È da Oscar “Il caso Spotlight”, il film sui preti pedofili?

In Cinema

Corre per sei statuette il lavoro di Tom Mc Carthy con Keaton, Ruffalo e Rachel Mc Adams. E sul tema esce ora anche il tenebroso “Il Club” del cileno Larrain

Sono sei le nomination all’Oscar conquistate da Il caso Spotlight (per il film, la regia di Tom McCarthy, la sceneggiatura dello stesso McCarthy e di Josh Singer, Rachel Mc Adams e Mark Ruffalo come miglior attrice/attore non protagonisti, il montatore Tom McArdle) e tra pochi giorni sapremo se qualcuna di trasformerà in statuetta (secondo previsioni accadrà). Ma dal sud continente americano arriva in questi giorni sugli schermi anche Il Club del cileno Pablo Larrain, premio speciale della giuria a Berlino 2015, claustrofobico, cupo racconto con al centro le “mele marce” della Chiesa, il fenomeno dei preti pedofili già raccontati dal film inchiesta ambientato a Boston.
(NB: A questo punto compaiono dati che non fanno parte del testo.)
(* Let $p$ be a prime, $n\ge1$, $\mathbb{F}=\mathbb{F}_{p^n}$, $F=p^n$, and $f,g:\mathbb{F}\to[0,1]$. Let $k$ be an integer with $2\le k\le F$, let $A$ be a set of $k$ points at which $|\hat f|$ takes its $k$ largest values (i.e. $|\hat f(a)|\ge|\hat f(b)|$ for all $a\in A$, $b\notin A$), and $B=A-A$. Let $n'$ be an integer with $$1+\frac{\log\binom{k}{2}}{\log p}\ \le\ n'\ <\ 2+\frac{\log\binom{k}{2}}{\log p},\qquad n'\le n,$$ and let $S$ be the set of all $\mathbb{F}_p$-subspaces of $\mathbb{F}$ of dimension $n'$. Suppose $\mathbb{E}(g)>8p^{-1/2}k^{-1}$. Then there exists $W\in S$ such that (i) $B\cap W^\perp=\{0\}$, and (ii) at least $F/4$ elements $t\in\mathbb{F}$ satisfy $\sum_{m\in t+W}g(m)\ge \mathbb{E}(g)|W|/2$.
   Context: Identify $\mathbb{F}$ with $\mathbb{F}_p^n$ via a fixed standard $\mathbb{F}_p$-basis and let $a\cdot m$ be the dot product; $W^\perp=\{v: v\cdot w=0\ \forall w\in W\}$. With $\omega=e^{2\pi i/p}$, $\hat f(a)=\sum_m f(m)\omega^{a\cdot m}$. $\mathbb{E}(g)=F^{-1}\sum_m g(m)$. *)

theory Defs
  imports Complex_Main "HOL-Computational_Algebra.Primes"
begin

text \<open>The field F_{p^n} is identified with F_p^n: vectors are functions nat => int,
  with components in {0..<p} at indices < n and 0 elsewhere.\<close>

definition Fvec :: "nat \<Rightarrow> nat \<Rightarrow> (nat \<Rightarrow> int) set" where
  "Fvec p n = {v. (\<forall>i<n. 0 \<le> v i \<and> v i < int p) \<and> (\<forall>i\<ge>n. v i = 0)}"

definition vzero :: "nat \<Rightarrow> int" where "vzero = (\<lambda>i. 0)"

definition vadd :: "nat \<Rightarrow> (nat \<Rightarrow> int) \<Rightarrow> (nat \<Rightarrow> int) \<Rightarrow> (nat \<Rightarrow> int)" where
  "vadd p u v = (\<lambda>i. (u i + v i) mod int p)"

definition vsub :: "nat \<Rightarrow> (nat \<Rightarrow> int) \<Rightarrow> (nat \<Rightarrow> int) \<Rightarrow> (nat \<Rightarrow> int)" where
  "vsub p u v = (\<lambda>i. (u i - v i) mod int p)"

definition smul :: "nat \<Rightarrow> int \<Rightarrow> (nat \<Rightarrow> int) \<Rightarrow> (nat \<Rightarrow> int)" where
  "smul p c v = (\<lambda>i. (c * v i) mod int p)"

definition dotp :: "nat \<Rightarrow> nat \<Rightarrow> (nat \<Rightarrow> int) \<Rightarrow> (nat \<Rightarrow> int) \<Rightarrow> int" where
  "dotp p n a m = (\<Sum>i<n. a i * m i) mod int p"

definition omega :: "nat \<Rightarrow> complex" where
  "omega p = exp (2 * pi * \<i> / of_nat p)"

definition fourier :: "nat \<Rightarrow> nat \<Rightarrow> ((nat \<Rightarrow> int) \<Rightarrow> real) \<Rightarrow> (nat \<Rightarrow> int) \<Rightarrow> complex" where
  "fourier p n f a = (\<Sum>m\<in>Fvec p n. of_real (f m) * omega p ^ nat (dotp p n a m))"

definition expect :: "nat \<Rightarrow> nat \<Rightarrow> ((nat \<Rightarrow> int) \<Rightarrow> real) \<Rightarrow> real" where
  "expect p n g = (\<Sum>m\<in>Fvec p n. g m) / real (p ^ n)"

definition is_subspace :: "nat \<Rightarrow> nat \<Rightarrow> (nat \<Rightarrow> int) set \<Rightarrow> bool" where
  "is_subspace p n W \<longleftrightarrow> W \<subseteq> Fvec p n \<and> vzero \<in> W \<and>
     (\<forall>u\<in>W. \<forall>v\<in>W. vadd p u v \<in> W) \<and> (\<forall>c\<in>{0..<int p}. \<forall>v\<in>W. smul p c v \<in> W)"

definition subspace_dim :: "nat \<Rightarrow> nat \<Rightarrow> (nat \<Rightarrow> int) set \<Rightarrow> nat \<Rightarrow> bool" where
  "subspace_dim p n W d \<longleftrightarrow> is_subspace p n W \<and> card W = p ^ d"

definition perp :: "nat \<Rightarrow> nat \<Rightarrow> (nat \<Rightarrow> int) set \<Rightarrow> (nat \<Rightarrow> int) set" where
  "perp p n W = {v \<in> Fvec p n. \<forall>w\<in>W. dotp p n v w = 0}"

definition translate :: "nat \<Rightarrow> (nat \<Rightarrow> int) \<Rightarrow> (nat \<Rightarrow> int) set \<Rightarrow> (nat \<Rightarrow> int) set" where
  "translate p t W = vadd p t ` W"

end

theory Submission
  imports Defs "HOL-Number_Theory.Cong" "HOL-Library.FuncSet"
begin

text \<open>The subspace is found among the graphs
  \<open>W\<^sub>M = {x. x i \<equiv> \<Sum>j<n'. M (i, j) * x j (mod p) for n' \<le> i < n}\<close> of linear maps
  \<open>(\<bbbF>\<^sub>p) ^ n' \<rightarrow> (\<bbbF>\<^sub>p) ^ (n - n')\<close>, by counting over all matrices \<open>M\<close>. For fixed
  \<open>z \<noteq> 0\<close>, both \<open>z \<in> W\<^sub>M\<close> and \<open>z \<in> W\<^sub>M\<^sup>\<bottom>\<close> are linear systems in the entries of \<open>M\<close> with one pivot
  per equation, so they hold for at most a fraction \<open>p ^ n' / p ^ n\<close>, resp. \<open>1 / p ^ n'\<close>,
  of the matrices. With a union bound over the \<open>k choose 2\<close> pairs in \<open>A\<close>, the second
  estimate controls (i). For (ii), the variance of the coset sums \<open>t \<mapsto> \<Sum>m\<in>t + W. g m\<close>
  is \<open>|W|\<close> times the sum over \<open>W\<close> of the autocorrelation of \<open>g\<close>, minus
  \<open>|W|\<^sup>2 (\<Sum>g)\<^sup>2 / p ^ n\<close>. Averaged over \<open>M\<close>, the first estimate cancels this
  subtracted term against the contribution of all \<open>z \<noteq> 0\<close>, leaving at most \<open>|W| \<Sum>g\<close>.
  By Chebyshev, more than 3/4 of the coset sums lie below half their mean for at most a
  fraction \<open>16 / (3 p ^ n' \<bbbE>(g))\<close> of the matrices. The lower bounds on \<open>n'\<close> and
  \<open>\<bbbE>(g)\<close> make the two fractions sum to less than 1.\<close>

section \<open>Vectors over the integers modulo p\<close>

definition vecs_on :: "nat \<Rightarrow> 'a set \<Rightarrow> ('a \<Rightarrow> int) set" where
  "vecs_on p I = {v. (\<forall>i\<in>I. 0 \<le> v i \<and> v i < int p) \<and> (\<forall>i. i \<notin> I \<longrightarrow> v i = 0)}"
Parliamo di un tema, di un dramma che il cinema ha inizato ad affrontare oltre un decennio fa, almeno da quando uscì nel 2003 il crudo Angeli ribelli dell’irlandese Aisling Walsh e l’anno dopo ne parlò, con toni più intimi, Pedro Almodovar in La mala educaciòn. Tanti i titoli sul terma, da Il dubbio (2008) di John Patrick Shanley, con gli ottimi Meryl Streep e Philip Seymour Hoffman (5 nomination ma nessun Oscar vinto) ai più recenti Mea Maxima Culpa-Silenzio nella casa di Dio dello statunitense Alex Gibney e Calvario di John Michael McDonagh con un ottimo Brandan Gleeson, sacerdote ingiustamente “giustiziato” sulla spiaggia da un uomo abusato da ragazzo. Argomento forte, declinato in tanti modi e stili diversi: ecco le schede dei 2 titoli in uscita ora.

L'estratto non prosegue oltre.